Impact of Centrality Measures on the Common Neighbors in Link Prediction for Multiplex Networks.

机构信息

Department of Information Technology and Communications, Azarbaijan Shahid Madani University, Tabriz, Iran.

School of Computer Science, Faculty of Science, Queensland University of Technology (QUT), Brisbane, Australia.

出版信息

Big Data. 2022 Apr;10(2):138-150. doi: 10.1089/big.2021.0254. Epub 2022 Mar 25.

Abstract

Complex networks are representations of real-world systems that can be better modeled as multiplex networks, where the same nodes develop multi-type connections. One of the important concerns about these networks is link prediction, which has many applications in social networks and recommender systems. In this article, similarity-based methods such as common neighbors (CNs) are the mainstream. However, in the CN method, the contribution of each CN in the likelihood of new connections is equally taken into account. In this work, we propose a new link prediction method namely Weighted Common Neighbors (WCN), which is based on CNs and various types of Centrality measures (including degree, k-core, closeness, betweenness, Eigenvector, and PageRank) to predict the formation of new links in multiplex networks. So, in this model, each CN has a different impact on the node connection likelihood. Moreover, we investigate the impact of interlayer information on improving the performance of link prediction in the target layer. Using Area under the ROC Curve and precision as evaluation metrics, we perform a comprehensive experimental evaluation of our proposed method on seven real multiplex networks.
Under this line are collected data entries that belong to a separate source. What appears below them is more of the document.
definition mdsp_arr :: "nat \<Rightarrow> nat \<Rightarrow> real \<Rightarrow> (nat \<Rightarrow> real) \<Rightarrow> (nat \<Rightarrow> nat \<Rightarrow> real)
    \<Rightarrow> (nat \<Rightarrow> nat) \<Rightarrow> nat \<Rightarrow> real" where
  "mdsp_arr n s lam z d orig j = appear lam z j + sqrt (real n) * dmin s d (orig j)"

text \<open>Unfinished service requirement at time t \<ge> 0 of a single work-conserving server
  working at rate r, initially empty, fed by the customers j \<ge> 1 with sel j, customer j
  arriving at time arr j with service requirement v j (Lindley / Skorokhod representation
  of the workload of a work-conserving server).\<close>
definition workload :: "real \<Rightarrow> (nat \<Rightarrow> bool) \<Rightarrow> (nat \<Rightarrow> real) \<Rightarrow> (nat \<Rightarrow> real) \<Rightarrow> real \<Rightarrow> real" where
  "workload r sel arr v t =
     (SUP u\<in>{0..t}. (\<Sum>j\<in>{j. 1 \<le> j \<and> sel j \<and> u \<le> arr j \<and> arr j \<le> t}. v j) - r * (t - u))"

definition enroute :: "(nat \<Rightarrow> real) \<Rightarrow> (nat \<Rightarrow> real) \<Rightarrow> (nat \<Rightarrow> real) \<Rightarrow> real \<Rightarrow> real" where
  "enroute a arr v t = (\<Sum>j\<in>{j. 1 \<le> j \<and> a j \<le> t \<and> t < arr j}. v j)"

definition W_dist :: "nat \<Rightarrow> nat \<Rightarrow> real \<Rightarrow> (nat \<Rightarrow> real) \<Rightarrow> (nat \<Rightarrow> real)
    \<Rightarrow> (nat \<Rightarrow> nat \<Rightarrow> real) \<Rightarrow> (nat \<Rightarrow> nat) \<Rightarrow> (nat \<Rightarrow> nat) \<Rightarrow> (nat \<Rightarrow> real) \<Rightarrow> real \<Rightarrow> real" where
  "W_dist n s lam mu z d orig xi v t =
     (\<Sum>k\<in>{1..s}. workload (mu k) (\<lambda>j. xi j = k) (dist_arr n lam z d orig xi) v t)"

definition U_dist :: "nat \<Rightarrow> real \<Rightarrow> (nat \<Rightarrow> real) \<Rightarrow> (nat \<Rightarrow> nat \<Rightarrow> real)
    \<Rightarrow> (nat \<Rightarrow> nat) \<Rightarrow> (nat \<Rightarrow> nat) \<Rightarrow> (nat \<Rightarrow> real) \<Rightarrow> real \<Rightarrow> real" where
  "U_dist n lam z d orig xi v t = enroute (appear lam z) (dist_arr n lam z d orig xi) v t"

definition W_mdsp :: "nat \<Rightarrow> nat \<Rightarrow> real \<Rightarrow> (nat \<Rightarrow> real) \<Rightarrow> (nat \<Rightarrow> real)
    \<Rightarrow> (nat \<Rightarrow> nat \<Rightarrow> real) \<Rightarrow> (nat \<Rightarrow> nat) \<Rightarrow> (nat \<Rightarrow> real) \<Rightarrow> real \<Rightarrow> real" where
  "W_mdsp n s lam mu z d orig v t =
     workload (\<Sum>k\<in>{1..s}. mu k) (\<lambda>j. True) (mdsp_arr n s lam z d orig) v t"

definition U_mdsp :: "nat \<Rightarrow> nat \<Rightarrow> real \<Rightarrow> (nat \<Rightarrow> real) \<Rightarrow> (nat \<Rightarrow> nat \<Rightarrow> real)
    \<Rightarrow> (nat \<Rightarrow> nat) \<Rightarrow> (nat \<Rightarrow> real) \<Rightarrow> real \<Rightarrow> real" where
  "U_mdsp n s lam z d orig v t = enroute (appear lam z) (mdsp_arr n s lam z d orig) v t"

definition Gamma :: "nat \<Rightarrow> nat \<Rightarrow> real \<Rightarrow> (nat \<Rightarrow> real) \<Rightarrow> (nat \<Rightarrow> real)
    \<Rightarrow> (nat \<Rightarrow> nat \<Rightarrow> real) \<Rightarrow> (nat \<Rightarrow> nat) \<Rightarrow> (nat \<Rightarrow> nat) \<Rightarrow> (nat \<Rightarrow> real) \<Rightarrow> real \<Rightarrow> real" where
  "Gamma n s lam mu z d orig xi v t =
     (W_dist n s lam mu z d orig xi v t + U_dist n lam z d orig xi v t)
     - (W_mdsp n s lam mu z d orig v t + U_mdsp n s lam z d orig v t)"

definition piecewise_linear_nonneg :: "(real \<Rightarrow> real) \<Rightarrow> bool" where
  "piecewise_linear_nonneg f \<longleftrightarrow>
     (\<forall>T>0. \<exists>ts::real list. ts \<noteq> [] \<and> sorted_wrt (<) ts \<and> hd ts = 0 \<and> last ts = T \<and>
        (\<forall>i < length ts - 1. \<exists>\<alpha> \<beta>. \<forall>x\<in>{ts ! i .. ts ! Suc i}. f x = \<alpha> * x + \<beta>))"

end

theory Submission
  imports Defs
begin

text \<open>A work-conserving server of rate r has workload \<open>W t = A t - r * t + K t\<close>, where A t is
  the work arrived by time t and \<open>K t = (SUP u\<in>{0..t}. r * u - (work arrived before u))\<close>
  is the regulator. The en-route work is the appeared work minus A, so in \<open>W + U\<close> the
  arrival processes cancel and \<open>\<Gamma> = (\<Sum>k. K\<^sub>k) - K\<^sup>\<dagger>\<close>. Each regulator is r-Lipschitz
  and, between arrival epochs, the maximum of a constant and an affine function; this gives
  continuity and piecewise linearity. Since every counterpart reaches the pool no later than
  its customer reaches its station, the pool has received at least as much work before any
  time u as all stations together, whence \<open>K\<^sup>\<dagger> \<le> (\<Sum>k. K\<^sub>k)\<close>. Neither the routing policy
  nor the ordering of the service rates plays a role.\<close>

definition locally_affine_at :: "(real \<Rightarrow> real) \<Rightarrow> real \<Rightarrow> bool" where
  "locally_affine_at f t \<longleftrightarrow> (\<exists>\<alpha> \<beta>. \<forall>\<^sub>F x in nhds t. f x = \<alpha> * x + \<beta>)"

lemma locally_affine_at_cong:
  assumes "\<forall>\<^sub>F x in nhds t. f x = g x" and "locally_affine_at g t"
  shows "locally_affine_at f t"
proof -
  obtain \<alpha> \<beta> where "\<forall>\<^sub>F x in nhds t. g x = \<alpha> * x + \<beta>"
    using assms(2) unfolding locally_affine_at_def by blast
  with assms(1) have "\<forall>\<^sub>F x in nhds t. f x = \<alpha> * x + \<beta>"
    by eventually_elim simp
  then show ?thesis unfolding locally_affine_at_def by blast
qed

lemma locally_affine_at_diff:
  assumes "locally_affine_at f t" and "locally_affine_at g t"
  shows "locally_affine_at (\<lambda>x. f x - g x) t"
proof -
  obtain \<alpha> \<beta> \<gamma> \<delta> where "\<forall>\<^sub>F x in nhds t. f x = \<alpha> * x + \<beta>" "\<forall>\<^sub>F x in nhds t. g x = \<gamma> * x + \<delta>"
    using assms unfolding locally_affine_at_def by blast
  then have "\<forall>\<^sub>F x in nhds t. f x - g x = (\<alpha> - \<gamma>) * x + (\<beta> - \<delta>)"
    by eventually_elim (simp add: algebra_simps)
  then show ?thesis unfolding locally_affine_at_def by blast
qed

lemma locally_affine_at_sum:
  assumes "finite I" and "\<And>k. k \<in> I \<Longrightarrow> locally_affine_at (f k) t"
  shows "locally_affine_at (\<lambda>x. \<Sum>k\<in>I. f k x) t"
proof -
  obtain \<alpha> \<beta> where "\<forall>k\<in>I. \<forall>\<^sub>F x in nhds t. f k x = \<alpha> k * x + \<beta> k"
    using assms(2) unfolding locally_affine_at_def by metis
  then have "\<forall>\<^sub>F x in nhds t. \<forall>k\<in>I. f k x = \<alpha> k * x + \<beta> k"
    using assms(1) by (rule eventually_ball_finite[rotated])
  then have "\<forall>\<^sub>F x in nhds t. (\<Sum>k\<in>I. f k x) = (\<Sum>k\<in>I. \<alpha> k) * x + (\<Sum>k\<in>I. \<beta> k)"
    by eventually_elim (simp add: sum.distrib sum_distrib_right)
  then show ?thesis unfolding locally_affine_at_def by blast
qed

lemma locally_affine_at_max:
  assumes "a * t + b \<noteq> c * t + e"
  shows "locally_affine_at (\<lambda>x. max (a * x + b) (c * x + e)) t"
proof (cases "a * t + b < c * t + e")
  case True
  have "\<forall>\<^sub>F x in nhds t. x \<in> {x. a * x + b < c * x + e}"
    using True by (intro eventually_nhds_in_open open_Collect_less) (auto intro: continuous_intros)
  then have "\<forall>\<^sub>F x in nhds t. max (a * x + b) (c * x + e) = c * x + e"
    by eventually_elim auto
  then show ?thesis unfolding locally_affine_at_def by blast
next
  case False
  then have "c * t + e < a * t + b" using assms by linarith
  then have "\<forall>\<^sub>F x in nhds t. x \<in> {x. c * x + e < a * x + b}"
    by (intro eventually_nhds_in_open open_Collect_less) (auto intro: continuous_intros)
  then have "\<forall>\<^sub>F x in nhds t. max (a * x + b) (c * x + e) = a * x + b"
    by eventually_elim auto
  then show ?thesis unfolding locally_affine_at_def by blast
qed

lemma locally_affine_at_DERIV:
  assumes "locally_affine_at f t"
  shows "\<forall>\<^sub>F x in nhds t. (f has_real_derivative deriv f t) (at x)"
proof -
  obtain \<alpha> \<beta> where "\<forall>\<^sub>F x in nhds t. f x = \<alpha> * x + \<beta>"
    using assms unfolding locally_affine_at_def by blast
  then have "\<forall>\<^sub>F x in nhds t. \<forall>\<^sub>F y in nhds x. f y = \<alpha> * y + \<beta>"
    by (simp add: eventually_eventually)
  moreover have "((\<lambda>y. \<alpha> * y + \<beta>) has_real_derivative \<alpha>) (at x)" for x
    by (auto intro!: derivative_eq_intros)
  ultimately have ev: "\<forall>\<^sub>F x in nhds t. (f has_real_derivative \<alpha>) (at x)"
    by (auto elim: eventually_mono simp: DERIV_cong_ev)
  then have "deriv f t = \<alpha>"
    using eventually_nhds_x_imp_x DERIV_imp_deriv by blast
  then show ?thesis using ev by simp
qed

lemma affine_on_interval:
  fixes f :: "real \<Rightarrow> real"
  assumes "x < y" and cont: "continuous_on {x..y} f"
    and affine: "\<And>t. t \<in> {x<..<y} \<Longrightarrow> locally_affine_at f t"
  obtains \<alpha> \<beta> where "\<And>t. t \<in> {x..y} \<Longrightarrow> f t = \<alpha> * t + \<beta>"
proof -
  define m where "m = (x + y) / 2"
  have m: "m \<in> {x<..<y}" unfolding m_def using \<open>x < y\<close> by auto
  have slope_const: "deriv f t = deriv f m" if t: "t \<in> {x<..<y}" for t
  proof (rule connected_local_const[of "{x<..<y}" t m "deriv f"])
    show "\<forall>a\<in>{x<..<y}. \<forall>\<^sub>F b in at a within {x<..<y}. deriv f a = deriv f b"
    proof
      fix a assume "a \<in> {x<..<y}"
      then have "\<forall>\<^sub>F b in nhds a. (f has_real_derivative deriv f a) (at b)"
        using affine by (intro locally_affine_at_DERIV) auto
      then have "\<forall>\<^sub>F b in nhds a. deriv f a = deriv f b"
        by eventually_elim (simp add: DERIV_imp_deriv)
      then show "\<forall>\<^sub>F b in at a within {x<..<y}. deriv f a = deriv f b"
        unfolding eventually_at_filter by (auto elim: eventually_mono)
    qed
  qed (use t m in auto)
  have "((\<lambda>t. f t - deriv f m * t) has_real_derivative 0) (at t)" if "x < t" "t < y" for t
  proof -
    have "(f has_real_derivative deriv f m) (at t)"
      using eventually_nhds_x_imp_x[OF locally_affine_at_DERIV[OF affine]] slope_const that by auto
    then show ?thesis by (auto intro!: derivative_eq_intros)
  qed
  then have "f t - deriv f m * t = f x - deriv f m * x" if "t \<in> {x..y}" for t
    using that \<open>x < y\<close> by (intro DERIV_isconst2[of x y]) (auto intro!: continuous_intros cont)
  then show ?thesis
    by (intro that[of "deriv f m" "f x - deriv f m * x"]) (simp add: algebra_simps)
qed

lemma sorted_list_of_set_between:
  fixes A :: "'a::linorder set"
  assumes "finite A" "a \<in> A" "b \<in> A" "A \<subseteq> {a..b}"
  obtains ts where "sorted_wrt (<) ts" "set ts = A" "hd ts = a" "last ts = b"
proof
  let ?ts = "sorted_list_of_set A"
  show sorted: "sorted_wrt (<) ?ts" and set: "set ?ts = A"
    using assms(1) by (simp_all add: strict_sorted_list_of_set)
  have "Min A = a" using assms by (intro Min_eqI) auto
  then show "hd ?ts = a" using assms(1,2) by (subst sorted_list_of_set_nonempty) auto
  have ne: "?ts \<noteq> []" using set assms(2) by auto
  obtain k where k: "k < length ?ts" "?ts ! k = b"
    using set assms(3) by (metis in_set_conv_nth)
  have "b \<le> last ?ts"
    using k sorted_nth_mono[OF strict_sorted_imp_sorted[OF sorted], of k "length ?ts - 1"] ne
    by (simp add: last_conv_nth)
  moreover have "last ?ts \<le> b" using last_in_set[OF ne] set assms(4) by auto
  ultimately show "last ?ts = b" by simp
qed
The results validate the improved performance of our proposed method compared with existing methods, and we show that the performance of proposed methods is significantly improved while using interlayer information in multiplex networks.

摘要

复杂网络是对真实系统的表示,可以更好地建模为多重网络,其中相同的节点发展出多种类型的连接。这些网络的一个重要关注点是链路预测,它在社交网络和推荐系统中有许多应用。在本文中,基于相似性的方法,如共同邻居(CNs)是主流。然而,在 CN 方法中,每个 CN 在新连接可能性中的贡献被同等考虑。在这项工作中,我们提出了一种新的链路预测方法,即加权共同邻居(WCN),它基于 CN 和各种类型的中心性度量(包括度、k-核、接近度、介数、特征向量和 PageRank)来预测多重网络中新链路的形成。因此,在这个模型中,每个 CN 对节点连接的可能性有不同的影响。此外,我们研究了跨层信息对提高目标层链路预测性能的影响。使用 ROC 曲线下面积和精度作为评估指标,我们在七个真实的多重网络上对我们提出的方法进行了全面的实验评估。结果验证了与现有方法相比,我们提出的方法的性能得到了提高,并且我们表明,在多重网络中使用跨层信息时,我们提出的方法的性能得到了显著提高。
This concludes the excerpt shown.